(Dataset entries)
----------------

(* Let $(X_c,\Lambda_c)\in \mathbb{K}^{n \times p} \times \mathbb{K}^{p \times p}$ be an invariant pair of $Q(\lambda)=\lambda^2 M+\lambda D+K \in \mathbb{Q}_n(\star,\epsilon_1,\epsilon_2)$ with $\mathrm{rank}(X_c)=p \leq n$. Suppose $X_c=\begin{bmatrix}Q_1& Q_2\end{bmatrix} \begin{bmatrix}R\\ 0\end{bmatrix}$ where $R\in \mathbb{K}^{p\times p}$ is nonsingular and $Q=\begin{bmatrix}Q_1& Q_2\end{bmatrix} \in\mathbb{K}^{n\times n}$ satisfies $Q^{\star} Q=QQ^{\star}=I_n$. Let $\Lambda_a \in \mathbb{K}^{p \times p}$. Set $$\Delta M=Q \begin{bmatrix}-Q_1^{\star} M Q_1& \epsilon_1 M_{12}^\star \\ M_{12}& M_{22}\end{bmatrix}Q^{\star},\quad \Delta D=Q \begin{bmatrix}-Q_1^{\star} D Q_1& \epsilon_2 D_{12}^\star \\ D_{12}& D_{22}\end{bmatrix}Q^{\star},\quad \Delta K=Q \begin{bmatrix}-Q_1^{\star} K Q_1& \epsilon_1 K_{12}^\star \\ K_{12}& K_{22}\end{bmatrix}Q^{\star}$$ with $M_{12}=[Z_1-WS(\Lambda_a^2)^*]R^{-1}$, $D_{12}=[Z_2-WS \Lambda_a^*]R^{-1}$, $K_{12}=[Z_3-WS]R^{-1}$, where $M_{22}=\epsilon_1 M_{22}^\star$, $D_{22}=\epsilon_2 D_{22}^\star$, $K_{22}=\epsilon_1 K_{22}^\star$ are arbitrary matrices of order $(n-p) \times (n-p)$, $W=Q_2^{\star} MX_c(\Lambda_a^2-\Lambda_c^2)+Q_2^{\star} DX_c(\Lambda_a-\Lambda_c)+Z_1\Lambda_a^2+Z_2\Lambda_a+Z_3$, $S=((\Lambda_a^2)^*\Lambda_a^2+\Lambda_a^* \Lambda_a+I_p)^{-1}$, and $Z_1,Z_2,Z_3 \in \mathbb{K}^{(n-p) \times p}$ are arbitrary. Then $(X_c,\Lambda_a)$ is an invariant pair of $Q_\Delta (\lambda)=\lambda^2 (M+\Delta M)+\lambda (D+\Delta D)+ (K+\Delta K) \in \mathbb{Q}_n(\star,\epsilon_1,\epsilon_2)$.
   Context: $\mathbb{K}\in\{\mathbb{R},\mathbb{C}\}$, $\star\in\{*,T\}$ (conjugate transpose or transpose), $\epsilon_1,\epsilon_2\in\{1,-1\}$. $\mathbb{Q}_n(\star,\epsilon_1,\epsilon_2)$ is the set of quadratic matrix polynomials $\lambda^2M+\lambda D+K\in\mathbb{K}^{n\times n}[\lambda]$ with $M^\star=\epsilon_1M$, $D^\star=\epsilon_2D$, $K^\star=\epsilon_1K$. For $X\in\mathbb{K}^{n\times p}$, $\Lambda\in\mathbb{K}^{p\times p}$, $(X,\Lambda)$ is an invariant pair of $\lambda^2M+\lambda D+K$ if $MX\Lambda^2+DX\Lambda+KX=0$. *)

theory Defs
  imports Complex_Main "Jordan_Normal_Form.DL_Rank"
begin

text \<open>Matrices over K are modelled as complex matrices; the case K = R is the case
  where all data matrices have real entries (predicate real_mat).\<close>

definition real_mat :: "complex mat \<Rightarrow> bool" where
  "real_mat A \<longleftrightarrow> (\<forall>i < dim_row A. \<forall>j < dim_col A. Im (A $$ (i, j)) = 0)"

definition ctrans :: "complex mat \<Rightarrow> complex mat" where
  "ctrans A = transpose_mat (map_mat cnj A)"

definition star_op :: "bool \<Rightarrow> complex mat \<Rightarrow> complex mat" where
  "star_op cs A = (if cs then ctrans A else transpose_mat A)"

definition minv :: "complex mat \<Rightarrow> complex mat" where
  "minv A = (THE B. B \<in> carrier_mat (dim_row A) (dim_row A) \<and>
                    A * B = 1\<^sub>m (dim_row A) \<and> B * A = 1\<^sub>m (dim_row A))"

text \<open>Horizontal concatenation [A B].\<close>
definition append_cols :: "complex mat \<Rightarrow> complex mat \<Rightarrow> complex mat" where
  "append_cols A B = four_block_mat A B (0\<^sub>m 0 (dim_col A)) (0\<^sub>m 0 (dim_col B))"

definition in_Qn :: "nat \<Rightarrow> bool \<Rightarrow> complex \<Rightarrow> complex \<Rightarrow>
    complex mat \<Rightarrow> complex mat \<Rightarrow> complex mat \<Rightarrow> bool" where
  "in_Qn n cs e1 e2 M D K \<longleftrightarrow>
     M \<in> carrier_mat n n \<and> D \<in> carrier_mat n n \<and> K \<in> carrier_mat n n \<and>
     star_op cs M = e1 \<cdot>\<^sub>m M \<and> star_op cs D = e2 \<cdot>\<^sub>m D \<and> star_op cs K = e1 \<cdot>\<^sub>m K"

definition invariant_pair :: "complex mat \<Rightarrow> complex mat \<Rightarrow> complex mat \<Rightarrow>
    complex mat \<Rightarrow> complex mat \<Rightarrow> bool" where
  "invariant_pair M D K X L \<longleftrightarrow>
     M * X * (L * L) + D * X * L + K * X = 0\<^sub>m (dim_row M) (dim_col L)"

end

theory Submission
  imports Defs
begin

----------------

Give the entries again in full, with nothing changed.

(* Let $(X_c,\Lambda_c)\in \mathbb{K}^{n \times p} \times \mathbb{K}^{p \times p}$ be an invariant pair of $Q(\lambda)=\lambda^2 M+\lambda D+K \in \mathbb{Q}_n(\star,\epsilon_1,\epsilon_2)$ with $\mathrm{rank}(X_c)=p \leq n$. Suppose $X_c=\begin{bmatrix}Q_1& Q_2\end{bmatrix} \begin{bmatrix}R\\ 0\end{bmatrix}$ where $R\in \mathbb{K}^{p\times p}$ is nonsingular and $Q=\begin{bmatrix}Q_1& Q_2\end{bmatrix} \in\mathbb{K}^{n\times n}$ satisfies $Q^{\star} Q=QQ^{\star}=I_n$. Let $\Lambda_a \in \mathbb{K}^{p \times p}$. Set $$\Delta M=Q \begin{bmatrix}-Q_1^{\star} M Q_1& \epsilon_1 M_{12}^\star \\ M_{12}& M_{22}\end{bmatrix}Q^{\star},\quad \Delta D=Q \begin{bmatrix}-Q_1^{\star} D Q_1& \epsilon_2 D_{12}^\star \\ D_{12}& D_{22}\end{bmatrix}Q^{\star},\quad \Delta K=Q \begin{bmatrix}-Q_1^{\star} K Q_1& \epsilon_1 K_{12}^\star \\ K_{12}& K_{22}\end{bmatrix}Q^{\star}$$ with $M_{12}=[Z_1-WS(\Lambda_a^2)^*]R^{-1}$, $D_{12}=[Z_2-WS \Lambda_a^*]R^{-1}$, $K_{12}=[Z_3-WS]R^{-1}$, where $M_{22}=\epsilon_1 M_{22}^\star$, $D_{22}=\epsilon_2 D_{22}^\star$, $K_{22}=\epsilon_1 K_{22}^\star$ are arbitrary matrices of order $(n-p) \times (n-p)$, $W=Q_2^{\star} MX_c(\Lambda_a^2-\Lambda_c^2)+Q_2^{\star} DX_c(\Lambda_a-\Lambda_c)+Z_1\Lambda_a^2+Z_2\Lambda_a+Z_3$, $S=((\Lambda_a^2)^*\Lambda_a^2+\Lambda_a^* \Lambda_a+I_p)^{-1}$, and $Z_1,Z_2,Z_3 \in \mathbb{K}^{(n-p) \times p}$ are arbitrary. Then $(X_c,\Lambda_a)$ is an invariant pair of $Q_\Delta (\lambda)=\lambda^2 (M+\Delta M)+\lambda (D+\Delta D)+ (K+\Delta K) \in \mathbb{Q}_n(\star,\epsilon_1,\epsilon_2)$.
   Context: $\mathbb{K}\in\{\mathbb{R},\mathbb{C}\}$, $\star\in\{*,T\}$ (conjugate transpose or transpose), $\epsilon_1,\epsilon_2\in\{1,-1\}$. $\mathbb{Q}_n(\star,\epsilon_1,\epsilon_2)$ is the set of quadratic matrix polynomials $\lambda^2M+\lambda D+K\in\mathbb{K}^{n\times n}[\lambda]$ with $M^\star=\epsilon_1M$, $D^\star=\epsilon_2D$, $K^\star=\epsilon_1K$. For $X\in\mathbb{K}^{n\times p}$, $\Lambda\in\mathbb{K}^{p\times p}$, $(X,\Lambda)$ is an invariant pair of $\lambda^2M+\lambda D+K$ if $MX\Lambda^2+DX\Lambda+KX=0$. *)

theory Defs
  imports Complex_Main "Jordan_Normal_Form.DL_Rank"
begin

text \<open>Matrices over K are modelled as complex matrices; the case K = R is the case
  where all data matrices have real entries (predicate real_mat).\<close>

definition real_mat :: "complex mat \<Rightarrow> bool" where
  "real_mat A \<longleftrightarrow> (\<forall>i < dim_row A. \<forall>j < dim_col A. Im (A $$ (i, j)) = 0)"

definition ctrans :: "complex mat \<Rightarrow> complex mat" where
  "ctrans A = transpose_mat (map_mat cnj A)"

definition star_op :: "bool \<Rightarrow> complex mat \<Rightarrow> complex mat" where
  "star_op cs A = (if cs then ctrans A else transpose_mat A)"

definition minv :: "complex mat \<Rightarrow> complex mat" where
  "minv A = (THE B. B \<in> carrier_mat (dim_row A) (dim_row A) \<and>
                    A * B = 1\<^sub>m (dim_row A) \<and> B * A = 1\<^sub>m (dim_row A))"

text \<open>Horizontal concatenation [A B].\<close>
definition append_cols :: "complex mat \<Rightarrow> complex mat \<Rightarrow> complex mat" where
  "append_cols A B = four_block_mat A B (0\<^sub>m 0 (dim_col A)) (0\<^sub>m 0 (dim_col B))"

definition in_Qn :: "nat \<Rightarrow> bool \<Rightarrow> complex \<Rightarrow> complex \<Rightarrow>
    complex mat \<Rightarrow> complex mat \<Rightarrow> complex mat \<Rightarrow> bool" where
  "in_Qn n cs e1 e2 M D K \<longleftrightarrow>
     M \<in> carrier_mat n n \<and> D \<in> carrier_mat n n \<and> K \<in> carrier_mat n n \<and>
     star_op cs M = e1 \<cdot>\<^sub>m M \<and> star_op cs D = e2 \<cdot>\<^sub>m D \<and> star_op cs K = e1 \<cdot>\<^sub>m K"

definition invariant_pair :: "complex mat \<Rightarrow> complex mat \<Rightarrow> complex mat \<Rightarrow>
    complex mat \<Rightarrow> complex mat \<Rightarrow> bool" where
  "invariant_pair M D K X L \<longleftrightarrow>
     M * X * (L * L) + D * X * L + K * X = 0\<^sub>m (dim_row M) (dim_col L)"

end

theory Submission
  imports Defs
begin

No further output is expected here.